A report from the World Economic Forum reports that many countries and employers are not ready for, what they call the Fourth Industrial Revolution. They say “While 35% of the skills demanded for jobs across industries will change by 2020, at least 1 in 4 workers in OECD countries is already reporting a skills mismatch with regards to the skills demanded by their current jobs.” To me, reskilling is making workers adaptive and capable of rapidly adjusting to changing technologies, in order to move from one job to the next. It is making people capable, through a variety of education outlets, of adjusting to new job requirements. You can use the term agile if you like, as I did in “Agile HR” Means Looking Ahead. One of the agile principles is continuous learning and improvement, but learning the same old stuff may not get us there.

Learning, learning and more learning

The report by the World Economic Forum mentioned above, calls for a process of continuous learning. We seem to prepare workers to handle current skills but not to prepare them to have the ability to handle “what might be.” We need to be teaching much more adaptability skill sets and problem-solving than we are. The report says:

“The capacities of adults for adaptation is influenced by the quality of foundational education, cost and quality of ICT connectivity, prevalence of jobs incorporating digital exposure, as well as opportunities for lifelong learning inside and outside the workplace.”

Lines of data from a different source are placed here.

lemma cube_of_pullbacks:
  assumes pbs: "has_M_pullbacks C M" and sq: "commsq C f g h k"
    and M: "f \<in> M" "h \<in> M" "k \<in> M" and d: "d \<in> Arr C" "Cod C d = Cod C h"
  obtains f2 g2 h2 k2 a2 b2 c2 where "cube C f g h k f2 g2 h2 k2 a2 b2 c2 d"
    "pullback C f2 a2 b2 f" "pullback C g2 a2 c2 g"
    "pullback C h2 b2 d h" "pullback C k2 c2 d k"
proof -
  note q = commsqD[OF sq]
  have pullback_exists: "\<exists>p r. pullback C p r x m"
    if "x \<in> Arr C" "m \<in> M" "Cod C x = Cod C m" for x m
    using pbs that unfolding has_M_pullbacks_def by blast
  obtain h2 b2 where Ph: "pullback C h2 b2 d h"
    using pullback_exists[of d h] d M by blast
  obtain k2 c2 where Pk: "pullback C k2 c2 d k"
    using pullback_exists[of d k] d M q by auto
  note ph = commsqD[OF pullback_commsq[OF Ph]] and pk = commsqD[OF pullback_commsq[OF Pk]]
  obtain f2 a2 where Pf: "pullback C f2 a2 b2 f"
    using pullback_exists[of b2 f] ph q M by auto
  note pf = commsqD[OF pullback_commsq[OF Pf]]
  have "Comp C d (Comp C h2 f2) = Comp C k (Comp C g a2)"
    using commsq_precomp[OF pullback_commsq[OF Ph], of f2] commsq_precomp[OF sq, of a2] ph pf
    by simp
  then obtain g2 where g2: "g2 \<in> Arr C" "Dom C g2 = Dom C f2" "Cod C g2 = Dom C k2"
    "Comp C k2 g2 = Comp C h2 f2" "Comp C c2 g2 = Comp C g a2"
    using pullback_lift[OF Pk, of "Comp C h2 f2" "Comp C g a2"] q ph pk pf by auto
  have "commsq C a2 g2 g c2"
    unfolding commsq_def using g2 q pk pf by auto
  moreover have "pullback C a2 (Comp C k2 g2) (Comp C k g) d"
    using pullback_paste[OF pullback_sym[OF Pf] pullback_sym[OF Ph]] g2(4) q(9) by simp
  ultimately have Pg: "pullback C g2 a2 c2 g"
    using pullback_cancel[OF _ pullback_sym[OF Pk]] pullback_sym by blast
  have "commsq C f2 g2 h2 k2"
    unfolding commsq_def using g2 ph pk pf by auto
  then have "cube C f g h k f2 g2 h2 k2 a2 b2 c2 d"
    unfolding cube_def using sq Pf Pg Ph Pk by (simp add: pullback_commsq)
  then show thesis
    using that Pf Pg Ph Pk by blast
qed

lemma cube_factors_through_cube_of_pullbacks:
  assumes top2: "commsq C f2 g2 h2 k2"
    and Pf: "pullback C f2 a2 b2 f" and Pg: "pullback C g2 a2 c2 g"
    and Ph: "pullback C h2 b2 d h" and Pk: "pullback C k2 c2 d k"
    and cb: "cube C f g h k f' g' h' k' a b c d"
    and pb1: "pullback C f' a b f" and pb2: "pullback C g' a c g"
  obtains \<alpha> \<beta> \<gamma> where "cube C f2 g2 h2 k2 f' g' h' k' \<alpha> \<beta> \<gamma> (Id C (Dom C d))"
    "pullback C f' \<alpha> \<beta> f2" "pullback C g' \<alpha> \<gamma> g2"
    "Comp C h2 \<beta> = h'" "Comp C k2 \<gamma> = k'" "Comp C b2 \<beta> = b"
proof -
  note pf = commsqD[OF pullback_commsq[OF Pf]] and pg = commsqD[OF pullback_commsq[OF Pg]]
    and ph = commsqD[OF pullback_commsq[OF Ph]] and pk = commsqD[OF pullback_commsq[OF Pk]]
  note faces = cubeD[OF cb]
  note t = commsqD[OF faces(2)] and sf = commsqD[OF faces(3)] and sg = commsqD[OF faces(4)]
    and sh = commsqD[OF faces(5)] and sk = commsqD[OF faces(6)]
  obtain \<beta> where \<beta>: "\<beta> \<in> Arr C" "Dom C \<beta> = Dom C h'" "Cod C \<beta> = Dom C h2"
    "Comp C h2 \<beta> = h'" "Comp C b2 \<beta> = b"
    using pullback_lift[OF Ph, of h' b] sh ph by auto
  obtain \<gamma> where \<gamma>: "\<gamma> \<in> Arr C" "Dom C \<gamma> = Dom C k'" "Cod C \<gamma> = Dom C k2"
    "Comp C k2 \<gamma> = k'" "Comp C c2 \<gamma> = c"
    using pullback_lift[OF Pk, of k' c] sk pk by auto
  have "Comp C b2 (Comp C \<beta> f') = Comp C f a"
    using \<beta> sf t ph Comp_assoc[of f' \<beta> b2] by simp
  then obtain \<alpha> where \<alpha>: "\<alpha> \<in> Arr C" "Dom C \<alpha> = Dom C f'" "Cod C \<alpha> = Dom C f2"
    "Comp C f2 \<alpha> = Comp C \<beta> f'" "Comp C a2 \<alpha> = a"
    using pullback_lift[OF Pf, of "Comp C \<beta> f'" a] \<beta> sf t ph pf by auto
  have "Comp C k2 (Comp C g2 \<alpha>) = Comp C k2 (Comp C \<gamma> g')"
  proof -
    have "Comp C k2 (Comp C g2 \<alpha>) = Comp C h2 (Comp C \<beta> f')"
      using commsq_precomp[OF top2, of \<alpha>] \<alpha> by simp
    also have "\<dots> = Comp C k' g'"
      using Comp_assoc[of f' \<beta> h2] \<beta> t ph by simp
    also have "\<dots> = Comp C k2 (Comp C \<gamma> g')"
      using Comp_assoc[of g' \<gamma> k2] \<gamma> t pk by simp
    finally show ?thesis .
  qed
  moreover have "Comp C c2 (Comp C g2 \<alpha>) = Comp C c2 (Comp C \<gamma> g')"
  proof -
    have "Comp C c2 (Comp C g2 \<alpha>) = Comp C c g'"
      using commsq_precomp[OF pullback_commsq[OF Pg], of \<alpha>] \<alpha> sg pf pg by simp
    also have "\<dots> = Comp C c2 (Comp C \<gamma> g')"
      using Comp_assoc[of g' \<gamma> c2] \<gamma> t pk by simp
    finally show ?thesis .
  qed
  ultimately have g2\<alpha>: "Comp C g2 \<alpha> = Comp C \<gamma> g'"
    using pullback_jointly_monic[OF Pk] \<alpha> \<gamma> pk pf pg t by simp
  have "Dom C d \<in> Ob C"
    using Dom_in_Ob sh by blast
  then have faces': "commsq C f' \<alpha> \<beta> f2" "commsq C g' \<alpha> \<gamma> g2"
    "commsq C h' \<beta> (Id C (Dom C d)) h2" "commsq C k' \<gamma> (Id C (Dom C d)) k2"
    unfolding commsq_def using \<alpha> \<beta> \<gamma> g2\<alpha> pf pg ph pk sh sk t
    by (auto simp: Comp_Id_left)
  have "pullback C f' \<alpha> \<beta> f2"
    using pullback_cancel[OF _ Pf faces'(1)] pb1 \<alpha> \<beta> by simp
  moreover have "pullback C g' \<alpha> \<gamma> g2"
    using pullback_cancel[OF _ Pg faces'(2)] pb2 \<alpha> \<gamma> by simp
  ultimately show thesis
    using that faces' \<beta> \<gamma> top2 faces(2) unfolding cube_def by blast
qed

end

context
  fixes C :: "('o, 'a) cat" and M :: "'a set"
  assumes cat: "category C" and stable: "stable_system_of_monics C M"
begin

lemma M_is_mono: "m \<in> M \<Longrightarrow> is_mono C m"
  and iso_in_M: "iso C f \<Longrightarrow> f \<in> M"
  and Comp_in_M: "f \<in> M \<Longrightarrow> g \<in> M \<Longrightarrow> Cod C f = Dom C g \<Longrightarrow> Comp C g f \<in> M"
  and pullback_in_M: "pullback C f g h k \<Longrightarrow> k \<in> M \<Longrightarrow> f \<in> M"
  using stable unfolding stable_system_of_monics_def by blast+
(* Let $\mathcal{G}\in\Gamma_N$ with eigenvalues $1,\lambda_2,\dots,\lambda_N$ of $\mathcal{D}$ ($|\lambda_i|<1$ for $i\ge2$), and let $h_1,\dots,h_N\in\mathbf{R}^n$ be a formation. If $A+BK$ and $A+(1-\lambda_i)LC$, $i=2,\dots,N$, are Schur stable and $(A-I)(h_i-h_j)=0$ for all $i,j$, then under the formation protocol, for every initial condition, $\|x_i(k)-h_i-x_j(k)+h_j\|\to0$ as $k\to\infty$ for all $i,j=1,\dots,N$.
   Context: Agents: $x_i(k+1)=Ax_i(k)+Bu_i(k)$, $y_i=Cx_i$, $i=1,\dots,N$, with $A\in\mathbf{R}^{n\times n}$, $B\in\mathbf{R}^{n\times p}$, $C\in\mathbf{R}^{q\times n}$. For a directed graph $\mathcal{G}$ on $\{1,\dots,N\}$, its row-stochastic matrix $\mathcal{D}=(d_{ij})$ has $d_{ii}>0$, $d_{ij}>0$ ($j\ne i$) iff $(j,i)$ is an edge, $0$ otherwise, row sums $1$; $\Gamma_N$ is the set of such graphs containing a directed spanning tree. Formation protocol with $K\in\mathbf{R}^{p\times n}$, $L\in\mathbf{R}^{n\times q}$: $\tilde\zeta_i=\sum_jd_{ij}\big(y_i-y_j-C(h_i-h_j)\big)$, $v_i(k+1)=(A+BK)v_i+L\big(\sum_jd_{ij}C(v_i-v_j)-\tilde\zeta_i\big)$, $u_i=Kv_i$, $v_i\in\mathbf{R}^n$. Schur stable: all eigenvalues of modulus $<1$. *)

theory Defs
  imports Complex_Main "Jordan_Normal_Form.Matrix" "Jordan_Normal_Form.Char_Poly"
begin

text \<open>Agents and graph vertices are indexed by 0..<N.\<close>

definition cmat :: "real mat \<Rightarrow> complex mat" where
  "cmat M = map_mat complex_of_real M"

Some countries are better set up to handle this, others not as much, as the report shows.

I am not able to give you the answer for how we teach children, young adults or current workers better problem-solving skills. I do know, however, that it is imperative for our future as a world, country, business and individual job holder that we are better prepared for quickly adapting to the changing circumstances of the working world, especially those caused by technology. Leaders, business and political, educators, parents and individuals need to provide as much exposure to problem-solving as possible. Emphasize and reward adaptability as much as possible.

I would be most interested to learn what you do in your organization to promote this type of learning to prepare people for the future of work.